Segment Start: Record excerpts

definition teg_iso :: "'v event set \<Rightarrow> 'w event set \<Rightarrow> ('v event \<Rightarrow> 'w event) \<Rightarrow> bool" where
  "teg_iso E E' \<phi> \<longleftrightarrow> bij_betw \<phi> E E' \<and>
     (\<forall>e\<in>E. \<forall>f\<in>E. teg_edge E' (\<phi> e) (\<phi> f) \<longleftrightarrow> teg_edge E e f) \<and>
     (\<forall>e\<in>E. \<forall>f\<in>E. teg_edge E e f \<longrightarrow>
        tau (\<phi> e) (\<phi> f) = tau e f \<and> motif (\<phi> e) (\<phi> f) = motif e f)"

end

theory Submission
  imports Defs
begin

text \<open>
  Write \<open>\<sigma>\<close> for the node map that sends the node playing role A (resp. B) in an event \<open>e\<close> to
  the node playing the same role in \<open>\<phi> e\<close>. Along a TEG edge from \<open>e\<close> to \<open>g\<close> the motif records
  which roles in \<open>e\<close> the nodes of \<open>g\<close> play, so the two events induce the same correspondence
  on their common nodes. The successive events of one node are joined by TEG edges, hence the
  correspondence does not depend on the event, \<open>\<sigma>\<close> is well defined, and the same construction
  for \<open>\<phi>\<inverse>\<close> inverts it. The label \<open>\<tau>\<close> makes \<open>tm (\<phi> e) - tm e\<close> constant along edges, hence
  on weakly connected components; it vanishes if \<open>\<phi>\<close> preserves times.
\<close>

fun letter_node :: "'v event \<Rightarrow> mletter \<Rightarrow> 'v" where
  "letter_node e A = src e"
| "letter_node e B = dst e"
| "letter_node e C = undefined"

Segment End: Record excerpts
Segment Start: Record excerpts

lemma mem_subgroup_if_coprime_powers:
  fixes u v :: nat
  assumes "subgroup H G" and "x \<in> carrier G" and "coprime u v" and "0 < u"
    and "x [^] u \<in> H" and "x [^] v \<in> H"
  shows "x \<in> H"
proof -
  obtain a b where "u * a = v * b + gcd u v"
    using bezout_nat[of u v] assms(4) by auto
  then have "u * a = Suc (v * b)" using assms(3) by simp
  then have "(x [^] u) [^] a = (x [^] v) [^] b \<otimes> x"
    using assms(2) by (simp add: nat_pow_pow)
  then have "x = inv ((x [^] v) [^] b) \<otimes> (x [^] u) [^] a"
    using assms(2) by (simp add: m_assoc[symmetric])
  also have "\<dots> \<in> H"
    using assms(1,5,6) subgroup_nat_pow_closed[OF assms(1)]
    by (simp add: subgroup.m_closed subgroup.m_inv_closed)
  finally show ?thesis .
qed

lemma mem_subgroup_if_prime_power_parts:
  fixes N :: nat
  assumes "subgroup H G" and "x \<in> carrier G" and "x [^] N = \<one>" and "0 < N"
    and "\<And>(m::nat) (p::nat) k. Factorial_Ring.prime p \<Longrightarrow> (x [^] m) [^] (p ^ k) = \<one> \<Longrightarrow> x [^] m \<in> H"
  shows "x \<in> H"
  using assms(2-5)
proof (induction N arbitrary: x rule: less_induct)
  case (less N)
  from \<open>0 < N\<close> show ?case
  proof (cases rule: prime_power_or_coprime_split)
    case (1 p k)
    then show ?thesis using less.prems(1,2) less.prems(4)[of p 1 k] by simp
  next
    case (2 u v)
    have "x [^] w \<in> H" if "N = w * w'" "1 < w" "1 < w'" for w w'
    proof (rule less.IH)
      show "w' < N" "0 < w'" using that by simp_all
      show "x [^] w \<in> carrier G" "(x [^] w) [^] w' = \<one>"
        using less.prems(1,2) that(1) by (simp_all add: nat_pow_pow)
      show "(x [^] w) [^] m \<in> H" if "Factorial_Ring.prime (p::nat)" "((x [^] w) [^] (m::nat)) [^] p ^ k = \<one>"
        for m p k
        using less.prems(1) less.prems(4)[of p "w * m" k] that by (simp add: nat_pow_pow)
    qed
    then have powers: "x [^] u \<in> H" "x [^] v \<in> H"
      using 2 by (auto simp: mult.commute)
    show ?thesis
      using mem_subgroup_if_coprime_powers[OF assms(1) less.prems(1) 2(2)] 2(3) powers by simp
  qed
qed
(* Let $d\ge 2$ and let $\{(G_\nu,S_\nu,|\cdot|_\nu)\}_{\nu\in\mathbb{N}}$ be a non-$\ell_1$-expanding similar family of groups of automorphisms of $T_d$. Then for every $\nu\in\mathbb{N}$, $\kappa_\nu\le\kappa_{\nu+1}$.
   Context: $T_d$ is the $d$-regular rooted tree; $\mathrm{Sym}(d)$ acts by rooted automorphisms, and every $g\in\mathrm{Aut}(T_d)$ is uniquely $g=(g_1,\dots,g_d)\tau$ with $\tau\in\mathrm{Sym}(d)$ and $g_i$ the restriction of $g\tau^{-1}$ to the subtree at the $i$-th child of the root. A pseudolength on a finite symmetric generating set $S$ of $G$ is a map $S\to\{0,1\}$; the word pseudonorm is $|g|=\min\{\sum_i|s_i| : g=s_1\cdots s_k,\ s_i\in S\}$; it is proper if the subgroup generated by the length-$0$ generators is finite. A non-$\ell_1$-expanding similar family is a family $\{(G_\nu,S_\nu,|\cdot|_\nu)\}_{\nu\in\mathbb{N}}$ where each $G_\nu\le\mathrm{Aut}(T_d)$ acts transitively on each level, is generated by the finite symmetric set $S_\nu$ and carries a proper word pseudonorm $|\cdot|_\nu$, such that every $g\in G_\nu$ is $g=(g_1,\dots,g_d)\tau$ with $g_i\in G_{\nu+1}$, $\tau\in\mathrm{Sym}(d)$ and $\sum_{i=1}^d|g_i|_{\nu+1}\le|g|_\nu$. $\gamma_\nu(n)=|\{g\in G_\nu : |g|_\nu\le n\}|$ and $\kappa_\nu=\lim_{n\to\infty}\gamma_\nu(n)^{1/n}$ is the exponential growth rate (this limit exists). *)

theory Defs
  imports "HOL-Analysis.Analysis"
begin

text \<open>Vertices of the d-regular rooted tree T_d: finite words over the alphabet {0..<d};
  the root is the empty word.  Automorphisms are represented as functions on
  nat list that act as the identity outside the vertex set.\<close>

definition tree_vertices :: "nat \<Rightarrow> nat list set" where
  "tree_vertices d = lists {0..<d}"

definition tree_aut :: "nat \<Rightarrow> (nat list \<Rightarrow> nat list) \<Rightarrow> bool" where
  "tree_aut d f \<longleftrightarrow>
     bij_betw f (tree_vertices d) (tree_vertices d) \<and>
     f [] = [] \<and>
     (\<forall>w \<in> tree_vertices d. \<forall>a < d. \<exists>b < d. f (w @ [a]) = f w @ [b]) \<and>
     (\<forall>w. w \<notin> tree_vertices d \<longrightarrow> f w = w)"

Segment End: Record excerpts

> Exercise prompt
Only the lines containing the string "events" are needed; pull them out of the records.

> Result of this exercise
  which roles in \<open>e\<close> the nodes of \<open>g\<close> play, so the two events induce the same correspondence
  on their common nodes. The successive events of one node are joined by TEG edges, hence the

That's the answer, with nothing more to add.